- **INFORMATION SHOWN**:

(* For every positive integer $t$ and every finite graph $G$ of cliquewidth at most $t$, the hypergraph of balls in $G$ has a proper array sample compression scheme of size $4t+3$.
   Context: For a hypergraph $H$ (finite $V(H)$, $E(H)\subseteq 2^{V(H)}$): a sample is a pair $(X^+,X^-)$ of subsets of $V(H)$ such that some hyperedge $e$ has $X^+\subseteq e$, $X^-\cap e=\emptyset$; $\mathcal{S}(H)$ is the set of samples; $S$ realizes $(X^+,X^-)$ if $X^+\subseteq S$ and $S\cap X^-=\emptyset$. With a fresh symbol $\bot\notin V(H)$, an array sample compression scheme of size $k$ is a pair $(\kappa,\rho)$, $\kappa:\mathcal{S}(H)\to(V(H)\cup\{\bot\})^k$, $\rho:(V(H)\cup\{\bot\})^k\to 2^{V(H)}$, such that for every sample, $\kappa(X^+,X^-)\in(X^+\cup X^-\cup\{\bot\})^k$ and $\rho(\kappa(X^+,X^-))$ realizes $(X^+,X^-)$; it is proper if all values of $\rho$ are hyperedges. The hypergraph of balls in $G$ has vertex set $V(G)$ and hyperedges all $B_G(c,r)=\{v:\mathrm{dist}_G(c,v)\le r\}$, $c\in V(G)$, $r$ an integer. The cliquewidth of $G$ is the minimum $k$ such that $G$ can be built with labels in $[k]$ using: creation of a single labeled vertex; disjoint union; for labels $i\ne j$, adding all edges between label-$i$ and label-$j$ vertices; relabeling label $i$ to $j$. *)

theory Defs
  imports Main
begin

definition finite_graph :: "'a set \<Rightarrow> ('a \<times> 'a) set \<Rightarrow> bool" where
  "finite_graph V E \<longleftrightarrow> finite V \<and> V \<noteq> {} \<and> E \<subseteq> V \<times> V \<and> sym E \<and> irrefl E"

definition realizes :: "'a set \<Rightarrow> 'a set \<times> 'a set \<Rightarrow> bool" where
  "realizes S X \<longleftrightarrow> fst X \<subseteq> S \<and> S \<inter> snd X = {}"

definition samples :: "'a set \<Rightarrow> 'a set set \<Rightarrow> ('a set \<times> 'a set) set" where
  "samples V Es = {(Xp, Xm). Xp \<subseteq> V \<and> Xm \<subseteq> V \<and> (\<exists>e\<in>Es. Xp \<subseteq> e \<and> Xm \<inter> e = {})}"

(* Arrays of length k over V \<union> {\<bottom>}: lists of length k over 'a option, None playing \<bottom>. *)
definition arrays :: "nat \<Rightarrow> 'a set \<Rightarrow> 'a option list set" where
  "arrays k A = {a. length a = k \<and> set a \<subseteq> Some ` A \<union> {None}}"

definition array_sample_compression_scheme ::
  "'a set \<Rightarrow> 'a set set \<Rightarrow> nat \<Rightarrow> ('a set \<times> 'a set \<Rightarrow> 'a option list) \<Rightarrow> ('a option list \<Rightarrow> 'a set) \<Rightarrow> bool" where
  "array_sample_compression_scheme V Es k \<kappa> \<rho> \<longleftrightarrow>
     (\<forall>a\<in>arrays k V. \<rho> a \<subseteq> V) \<and>
     (\<forall>X\<in>samples V Es. \<kappa> X \<in> arrays k (fst X \<union> snd X) \<and> realizes (\<rho> (\<kappa> X)) X)"

definition proper_array_sample_compression_scheme ::
  "'a set \<Rightarrow> 'a set set \<Rightarrow> nat \<Rightarrow> ('a set \<times> 'a set \<Rightarrow> 'a option list) \<Rightarrow> ('a option list \<Rightarrow> 'a set) \<Rightarrow> bool" where
  "proper_array_sample_compression_scheme V Es k \<kappa> \<rho> \<longleftrightarrow>
     array_sample_compression_scheme V Es k \<kappa> \<rho> \<and> (\<forall>a\<in>arrays k V. \<rho> a \<in> Es)"

definition ball :: "'a set \<Rightarrow> ('a \<times> 'a) set \<Rightarrow> 'a \<Rightarrow> int \<Rightarrow> 'a set" where
  "ball V E c r = {v\<in>V. r \<ge> 0 \<and> (\<exists>k\<le>nat r. (c, v) \<in> E ^^ k)}"

definition ball_hyperedges :: "'a set \<Rightarrow> ('a \<times> 'a) set \<Rightarrow> 'a set set" where
  "ball_hyperedges V E = {ball V E c r | c r. c \<in> V}"

inductive cw_build :: "nat \<Rightarrow> 'a set \<Rightarrow> ('a \<times> 'a) set \<Rightarrow> ('a \<Rightarrow> nat) \<Rightarrow> bool" for k where
  create: "i \<in> {1..k} \<Longrightarrow> cw_build k {v} {} (\<lambda>_. i)"
| union: "cw_build k V1 E1 l1 \<Longrightarrow> cw_build k V2 E2 l2 \<Longrightarrow> V1 \<inter> V2 = {} \<Longrightarrow>
          cw_build k (V1 \<union> V2) (E1 \<union> E2) (\<lambda>x. if x \<in> V1 then l1 x else l2 x)"
| join: "cw_build k V E l \<Longrightarrow> i \<in> {1..k} \<Longrightarrow> j \<in> {1..k} \<Longrightarrow> i \<noteq> j \<Longrightarrow>
          cw_build k V (E \<union> {(x, y). x \<in> V \<and> y \<in> V \<and> ((l x = i \<and> l y = j) \<or> (l x = j \<and> l y = i))}) l"
| relabel: "cw_build k V E l \<Longrightarrow> i \<in> {1..k} \<Longrightarrow> j \<in> {1..k} \<Longrightarrow>
          cw_build k V E (\<lambda>x. if l x = i then j else l x)"

definition cliquewidth :: "'a set \<Rightarrow> ('a \<times> 'a) set \<Rightarrow> nat" where
  "cliquewidth V E = (LEAST k. \<exists>l. cw_build k V E l)"

end

theory Submission
  imports Defs "HOL-Library.Extended_Nat"
begin

text \<open>A clique-width expression of width \<open>t\<close> yields a laminar hierarchy of vertex sets (those of its
  subexpressions) in which, for every node \<open>N\<close>, vertices of \<open>N\<close> that carried the same label when \<open>N\<close>
  was completed have the same neighbours outside \<open>N\<close>. Let a sample be realized by the ball of radius
  \<open>R\<close> around \<open>c\<close>. If \<open>c\<close> is a sample point, store \<open>c\<close> and the farthest positive point. Otherwise
  there are nodes \<open>A\<close> and \<open>B\<close>, each named by at most two sample points, with \<open>c \<in> A - B\<close> and no
  sample point in \<open>A - B\<close>. Every edge leaving \<open>A - B\<close> lies in one of \<open>2t\<close> complete bipartite graphs
  \<open>P k \<times> Q k\<close> (a label class of \<open>A\<close> with its outer neighbourhood, or a label class of \<open>B\<close> with its
  outer neighbourhood), so the distance from \<open>c\<close> to a point \<open>w\<close> outside \<open>A - B\<close> is the minimum
  over \<open>k\<close> of \<open>d(c, P k) + 1 + d(Q k, w)\<close>, where only the last term depends on \<open>w\<close>. Hence it
  suffices to store, for each \<open>k\<close>, the positive point reached within the radius through \<open>k\<close> that
  is farthest from \<open>Q k\<close>, and the negative point closest to \<open>Q k\<close>: any centre in \<open>A - B\<close> and radius
  that treat these \<open>4t\<close> witnesses correctly realize the sample. With the three names this gives
  \<open>4t + 3\<close>.\<close>

section \<open>Graph distance and balls\<close>

lemma INF_enat_attained:
  fixes f :: "'b \<Rightarrow> enat"
  assumes "S \<noteq> {}"
  shows "\<exists>a\<in>S. (INF x\<in>S. f x) = f a"
proof -
  obtain a where "a \<in> S" using assms by blast
  then have "(INF x\<in>S. f x) \<in> f ` S" by (intro wellorder_InfI[of "f a"]) simp
  then show ?thesis by auto
qed

definition gdist :: "('a \<times> 'a) set \<Rightarrow> 'a \<Rightarrow> 'a \<Rightarrow> enat" where
  "gdist E u v = (INF n\<in>{n. (u, v) \<in> E ^^ n}. enat n)"

lemma gdist_le: "(u, v) \<in> E ^^ n \<Longrightarrow> gdist E u v \<le> enat n"
  unfolding gdist_def by (rule INF_lower) simp

lemma gdist_le_iff: "gdist E u v \<le> enat m \<longleftrightarrow> (\<exists>n\<le>m. (u, v) \<in> E ^^ n)"
proof
  assume le: "gdist E u v \<le> enat m"
  have "{n. (u, v) \<in> E ^^ n} \<noteq> {}"
  proof
    assume "{n. (u, v) \<in> E ^^ n} = {}"
    then have "gdist E u v = \<infinity>" by (simp add: gdist_def top_enat_def)
    with le show False by simp
  qed
  then obtain n where "(u, v) \<in> E ^^ n" "gdist E u v = enat n"
    using INF_enat_attained[of "{n. (u, v) \<in> E ^^ n}" enat] unfolding gdist_def by auto
  with le show "\<exists>n\<le>m. (u, v) \<in> E ^^ n" by auto
next
  assume "\<exists>n\<le>m. (u, v) \<in> E ^^ n"
  then obtain n where "n \<le> m" "(u, v) \<in> E ^^ n" by blast
  then have "gdist E u v \<le> enat n" by (intro gdist_le)
  also have "\<dots> \<le> enat m" using \<open>n \<le> m\<close> by simp
  finally show "gdist E u v \<le> enat m" .
qed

- **WORK REQUIRED**:
Your answer should be all lines from the data that contain "integer".

- **TASK OUTPUT**:
(* For every positive integer $t$ and every finite graph $G$ of cliquewidth at most $t$, the hypergraph of balls in $G$ has a proper array sample compression scheme of size $4t+3$.
   Context: For a hypergraph $H$ (finite $V(H)$, $E(H)\subseteq 2^{V(H)}$): a sample is a pair $(X^+,X^-)$ of subsets of $V(H)$ such that some hyperedge $e$ has $X^+\subseteq e$, $X^-\cap e=\emptyset$; $\mathcal{S}(H)$ is the set of samples; $S$ realizes $(X^+,X^-)$ if $X^+\subseteq S$ and $S\cap X^-=\emptyset$. With a fresh symbol $\bot\notin V(H)$, an array sample compression scheme of size $k$ is a pair $(\kappa,\rho)$, $\kappa:\mathcal{S}(H)\to(V(H)\cup\{\bot\})^k$, $\rho:(V(H)\cup\{\bot\})^k\to 2^{V(H)}$, such that for every sample, $\kappa(X^+,X^-)\in(X^+\cup X^-\cup\{\bot\})^k$ and $\rho(\kappa(X^+,X^-))$ realizes $(X^+,X^-)$; it is proper if all values of $\rho$ are hyperedges. The hypergraph of balls in $G$ has vertex set $V(G)$ and hyperedges all $B_G(c,r)=\{v:\mathrm{dist}_G(c,v)\le r\}$, $c\in V(G)$, $r$ an integer. The cliquewidth of $G$ is the minimum $k$ such that $G$ can be built with labels in $[k]$ using: creation of a single labeled vertex; disjoint union; for labels $i\ne j$, adding all edges between label-$i$ and label-$j$ vertices; relabeling label $i$ to $j$. *)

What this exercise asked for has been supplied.